Review: Incubus

Incubus the band, not the sex-crazed spirit they’re named for, seems to thrive on contradiction and creating misconceptions. The five members from Calabasas, California led by Brandon Boyd, very much look like a grunge/punk/skater band to the core. But they’re music is far from grunge (in fact, it is not grunge at all), and the lyrics are surprisingly deep, meaningful, and thought provoking. Sometimes rock, sometimes indie/new age, sometimes metal, sometimes funk, sometimes pop, sometimes hip hop, you simply cannot classify Incubus into a certain musical genre. And that variety and originality has allowed Incubus to stand the test of time.  Having released their first album Fungus Amongus in 1995, the band released their eighth studio album earlier this year aptly titled 8. The band played last night at Riverbend on the 9th stop of the 8 tour along with openers Judah the Lion and Jimmy Eat World.

Incubus came out swinging with the hard-hitting “Love in a Time of Surveillance” off of the aforementioned 8. And check out these lyrics: “I will embrace my assailants. Kill them with kindness and patience.” Such are not the words of a band that doesn’t have a conscience. Which is why I figured that Boyd was simply being ironic when he removed his soak-drenched jacked to reveal a sleeveless white shirt with the message “eye f*ck on the first date.” After the opening song, Incubus drew huge applause by playing “Warning” off of 2001’s Morning View.

Later, after concluding “Wish You Were Here,” guitarist Mike Einziger segued into the easily recognizable chords of the Pink Floyd song of the same name to which Boyd sang the first verse and chorus. Other notable moments were “Redefine” off of Incubus’ 2nd album S.C.I.E.N.C.E., which harkened back to the days when the group sounded much more like 311 and less like the Incubus we hear today, “The Warmth” off of 1999’s Make Yourself, which features the sound of whales talking to each other in the intro (you’ll have to hear it to understand), the fast-paced “Sick Sad Little World” off of A Crow Left of the Murder with a three minute, frenetic jam session, and the completely instrumental and trippy “Make No Sound in the Digital Forest” off of their newest album.

In all, the show was a perfect mix of new tracks off of 8 (8 in all) and old classics.

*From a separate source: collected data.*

lemma eventually_commutative_if_adjacent_transpositions:
  assumes adj: "\<And>i. 1 \<le> i \<Longrightarrow> i < k \<Longrightarrow> satisfies_identity A mul k (transpose i (Suc i))"
  shows "eventually_commutative A mul k"
proof -
  have adj_seq: "satisfies_identity A mul k (apply_adj_transps xs)" if "set xs \<subseteq> {1..<k}" for xs
    using that
  proof (induction xs)
    case Nil
    then show ?case by (simp add: satisfies_identity_def)
  next
    case (Cons x xs)
    have "transpose x (Suc x) ` {1..k} \<subseteq> {1..k}"
      using Cons.prems by (auto simp: transpose_def)
    moreover have "satisfies_identity A mul k (transpose x (Suc x))"
      using Cons.prems by (intro adj) auto
    moreover have "satisfies_identity A mul k (apply_adj_transps xs)"
      using Cons by simp
    ultimately have "satisfies_identity A mul k (transpose x (Suc x) \<circ> apply_adj_transps xs)"
      using satisfies_identity_comp by blast
    then show ?case
      by (simp add: comp_def)
  qed
  have transp: "satisfies_identity A mul k (transpose a b)" if "a < b" "b \<le> k" "1 \<le> a" for a b
    using adj_seq[of "adj_transp_seq a b"] that by (simp add: adj_transp_seq_correct set_adj_transp_seq)
  show ?thesis
    unfolding eventually_commutative_def
  proof (intro allI impI)
    fix \<tau> assume "\<tau> permutes {1..k}"
    then show "satisfies_identity A mul k \<tau>"
      using finite_atLeastAtMost
    proof (induction rule: permutes_induct)
      case id
      then show ?case by (simp add: satisfies_identity_def)
    next
      case (swap a b p)
      have "satisfies_identity A mul k (transpose a b)"
        using transp[of a b] transp[of b a] swap.hyps by (cases "a < b") (auto simp: transpose_commute)
      moreover have "transpose a b ` {1..k} \<subseteq> {1..k}"
        using swap.hyps by (auto simp: transpose_def)
      ultimately show ?case
        using satisfies_identity_comp swap.IH by blast
    qed
  qed
qed

section \<open>Semigroups satisfying the identity\<close>

lemma lprod_Cons: "xs \<noteq> [] \<Longrightarrow> lprod mul (x # xs) = mul x (lprod mul xs)"
  by (cases xs) auto

locale carrier_semigroup =
  fixes A :: "'a set" and mul :: "'a \<Rightarrow> 'a \<Rightarrow> 'a"
  assumes mul_closed: "a \<in> A \<Longrightarrow> b \<in> A \<Longrightarrow> mul a b \<in> A"
    and mul_assoc: "a \<in> A \<Longrightarrow> b \<in> A \<Longrightarrow> c \<in> A \<Longrightarrow> mul (mul a b) c = mul a (mul b c)"
begin
(* Cells of a fine tagged division whose tag lies in N have small total length and are controlled
   by absolute continuity; on every other cell e moves by at most \<epsilon> times the cell length. *)
lemma absolutely_continuous_on_derivative_zero_bound:
  fixes e :: "real \<Rightarrow> 'a::real_normed_vector"
  assumes "a \<le> b" and ac: "absolutely_continuous_on {a..b} e" and "negligible N"
    and deriv: "\<And>t. t \<in> {a..b} - N \<Longrightarrow> (e has_vector_derivative 0) (at t within {a..b})"
    and "\<epsilon> > 0"
  shows "norm (e b - e a) \<le> \<epsilon> * (b - a) + \<epsilon>"
proof -
  obtain \<delta> where "\<delta> > 0" and \<delta>: "\<And>\<D> \<D>'. \<D> tagged_division_of {a..b} \<Longrightarrow> \<D>' \<subseteq> \<D>
      \<Longrightarrow> (\<Sum>(x,K)\<in>\<D>'. Sup K - Inf K) < \<delta> \<Longrightarrow> (\<Sum>(x,K)\<in>\<D>'. norm (e (Sup K) - e (Inf K))) < \<epsilon>"
    using absolutely_continuous_on_tagged_division_small[OF ac \<open>\<epsilon> > 0\<close>] by blast
  obtain \<gamma>N where "gauge \<gamma>N" and \<gamma>N: "\<And>\<D>. \<D> tagged_division_of {a..b} \<Longrightarrow> \<gamma>N fine \<D> \<Longrightarrow>
      (\<Sum>(x,K)\<in>{p \<in> \<D>. fst p \<in> N}. Sup K - Inf K) < \<delta>"
    using negligible_tagged_division_small[OF \<open>negligible N\<close> \<open>\<delta> > 0\<close>] by blast
  obtain \<gamma>E where "gauge \<gamma>E" and \<gamma>E: "\<And>t s. t \<in> {a..b} - N \<Longrightarrow> s \<in> {a..b} \<Longrightarrow>
      s \<in> \<gamma>E t \<Longrightarrow> norm (e s - e t) \<le> \<epsilon> * \<bar>s - t\<bar>"
    using has_vector_derivative_zero_gauge[OF deriv \<open>\<epsilon> > 0\<close>] by blast
  obtain \<D> where \<D>: "\<D> tagged_division_of {a..b}" and fine: "(\<lambda>t. \<gamma>N t \<inter> \<gamma>E t) fine \<D>"
    using fine_division_exists_real[OF gauge_Int[OF \<open>gauge \<gamma>N\<close> \<open>gauge \<gamma>E\<close>]] by blast
  define \<D>N where "\<D>N = {p \<in> \<D>. fst p \<in> N}"
  define \<D>E where "\<D>E = {p \<in> \<D>. fst p \<notin> N}"
  have "finite \<D>" using \<D> by blast
  have "\<D> = \<D>N \<union> \<D>E" "\<D>N \<inter> \<D>E = {}" "\<D>N \<subseteq> \<D>" "\<D>E \<subseteq> \<D>"
    unfolding \<D>N_def \<D>E_def by auto
  have "(\<Sum>(x,K)\<in>\<D>N. Sup K - Inf K) < \<delta>" using \<gamma>N[OF \<D>] fine unfolding \<D>N_def by (simp add: fine_Int)
  then have "norm (\<Sum>(x,K)\<in>\<D>N. e (Sup K) - e (Inf K)) < \<epsilon>"
    using \<delta>[OF \<D> \<open>\<D>N \<subseteq> \<D>\<close>] by (smt (verit) norm_sum case_prod_beta sum.cong)
  moreover have "norm (\<Sum>(x,K)\<in>\<D>E. e (Sup K) - e (Inf K)) \<le> \<epsilon> * (b - a)"
  proof (rule norm_sum_tagged_division_le[OF \<open>a \<le> b\<close> \<D> \<open>\<D>E \<subseteq> \<D>\<close>])
    fix x K s assume "(x, K) \<in> \<D>E" "s \<in> K"
    then have xK: "(x, K) \<in> \<D>" "x \<notin> N" unfolding \<D>E_def by auto
    then have "x \<in> {a..b} - N" "s \<in> {a..b}"
      using tagged_division_ofD(2,3)[OF \<D> xK(1)] \<open>s \<in> K\<close> by auto
    moreover have "s \<in> \<gamma>E x" using fine xK(1) \<open>s \<in> K\<close> unfolding fine_def by blast
    ultimately show "norm (e s - e x) \<le> \<epsilon> * \<bar>s - x\<bar>" by (rule \<gamma>E)
  qed (use \<open>\<epsilon> > 0\<close> in simp)
  moreover have "e b - e a
      = (\<Sum>(x,K)\<in>\<D>N. e (Sup K) - e (Inf K)) + (\<Sum>(x,K)\<in>\<D>E. e (Sup K) - e (Inf K))"
    using additive_tagged_division_1[OF \<open>a \<le> b\<close> \<D>, of e] \<open>finite \<D>\<close>
      \<open>\<D> = \<D>N \<union> \<D>E\<close> \<open>\<D>N \<inter> \<D>E = {}\<close> by (metis finite_Un sum.union_disjoint)
  ultimately show ?thesis by (smt (verit) norm_triangle_ineq)
qed
lemma AE_lebesgue_negligibleE:
  assumes "AE t in lebesgue. P t"
  obtains N where "negligible N" "\<And>t. t \<notin> N \<Longrightarrow> P t"
proof -
  from assms obtain N where N: "{t \<in> space lebesgue. \<not> P t} \<subseteq> N"
    and "emeasure lebesgue N = 0" "N \<in> sets lebesgue"
    by (rule AE_E)
  then have "negligible N" using negligible_iff_null_sets null_setsI by blast
  with N show thesis using that by auto
qed
lemma alternating_path_ends:
  "even (length P) \<Longrightarrow> P \<noteq> [] \<Longrightarrow> distinct P \<Longrightarrow> \<forall>e\<in>path_edges P. card (e \<inter> Y) = 1 \<Longrightarrow>
    hd P \<in> Y \<longleftrightarrow> last P \<notin> Y"
proof (induction P rule: induct_list012)
  case (3 u v rest)
  have "u \<in> Y \<longleftrightarrow> v \<notin> Y" using "3.prems"(3,4) card_doubleton_Int_eq_1[of u v Y] by simp
  show ?case
  proof (cases rest)
    case (Cons w rest')
    have "v \<in> Y \<longleftrightarrow> w \<notin> Y" using "3.prems"(3,4) Cons card_doubleton_Int_eq_1[of v w Y] by simp
    moreover have "w \<in> Y \<longleftrightarrow> last rest \<notin> Y" using "3.IH"(1) "3.prems" Cons by simp
    ultimately show ?thesis using \<open>u \<in> Y \<longleftrightarrow> v \<notin> Y\<close> Cons by simp
  qed (use \<open>u \<in> Y \<longleftrightarrow> v \<notin> Y\<close> in simp)
qed simp_all

text \<open>An odd path: the list P has an even number of vertices.\<close>
definition fresh_odd_path :: "'a \<Rightarrow> 'a \<Rightarrow> 'a set \<Rightarrow> 'a list \<Rightarrow> bool" where
  "fresh_odd_path p q V P \<longleftrightarrow> 2 \<le> length P \<and> even (length P) \<and> distinct P \<and> hd P = p \<and> last P = q \<and>
     internal P \<inter> V = {}"

lemma set_path_ends:
  assumes "2 \<le> length P"
  shows "set P = insert (hd P) (insert (last P) (internal P))"
proof -
  obtain u xs where "P = u # xs" using assms by (cases P) auto
  then have P: "P = u # xs" "xs \<noteq> []" using assms by auto
  then have "set xs = insert (last xs) (set (butlast xs))"
    by (metis append_butlast_last_id insert_commute list.simps(15) rotate1.simps(2) set_rotate1)
  then show ?thesis using P unfolding internal_def by simp
qed

lemma grown_subdivide:
  assumes G: "grown V E X" and pq: "{p, q} \<in> E" and new: "a \<notin> V" "b \<notin> V" "a \<noteq> b"
    and E0: "E - {{p, q}} \<subseteq> E0" "E0 \<subseteq> E"
  shows "grown (insert a (insert b V)) (insert {p, a} (insert {a, b} (insert {b, q} E0)))
    (if p \<in> X then insert b X else insert a X)"
proof (cases "p \<in> X")
  case True
  then show ?thesis using grown.ear[OF G pq True new E0] by simp
next
  case False
  then have "q \<in> X" using bipartition_cases[OF grown_bipartition[OF G] pq] by blast
  moreover have "{q, p} \<in> E" "E - {{q, p}} \<subseteq> E0" using pq E0(1) by (simp_all add: insert_commute)
  ultimately have "grown (insert b (insert a V)) (insert {q, b} (insert {b, a} (insert {a, p} E0))) (insert a X)"
    using grown.ear[OF G _ _ new(2,1) new(3)[symmetric] _ E0(2)] by blast
  then show ?thesis using False by (simp add: insert_commute)
qed

lemma ends_not_internal:
  assumes "distinct P"
  shows "hd P \<notin> internal P" "last P \<notin> internal P"
proof -
  have "internal P \<subseteq> set (tl P)" "internal P \<subseteq> set (butlast P)"
    unfolding internal_def by (cases P; auto simp: butlast_tl dest: in_set_butlastD)+
  moreover have "hd P \<notin> set (tl P)" using assms by (cases P) auto
  moreover have "last P \<notin> set (butlast P)"
    using assms by (cases P rule: rev_cases) auto
  ultimately show "hd P \<notin> internal P" "last P \<notin> internal P" by blast+
qed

The band even seemed to oblige the fans who were chanting “Stel-lar, Stel-lar, Stel-lar” by playing Stellar near the end of the set. The night ended with back-to-back tracks off of Morning View: “Nice to Know You” closed the set, but was followed by an encore of one of my all-time favorites, the Eastern inspired, meditative “Aqueous Transmission” where Einziger shows off his skills on the pear-shaped, four-stringed Chinese pipa. After its conclusion, as the house lights went up, the five members gathered on the stage and took a collective bow thanking the audience. A classy move by one of the most diverse and original groups you’ll ever hear. Hopefully they won’t stop making music anytime soon.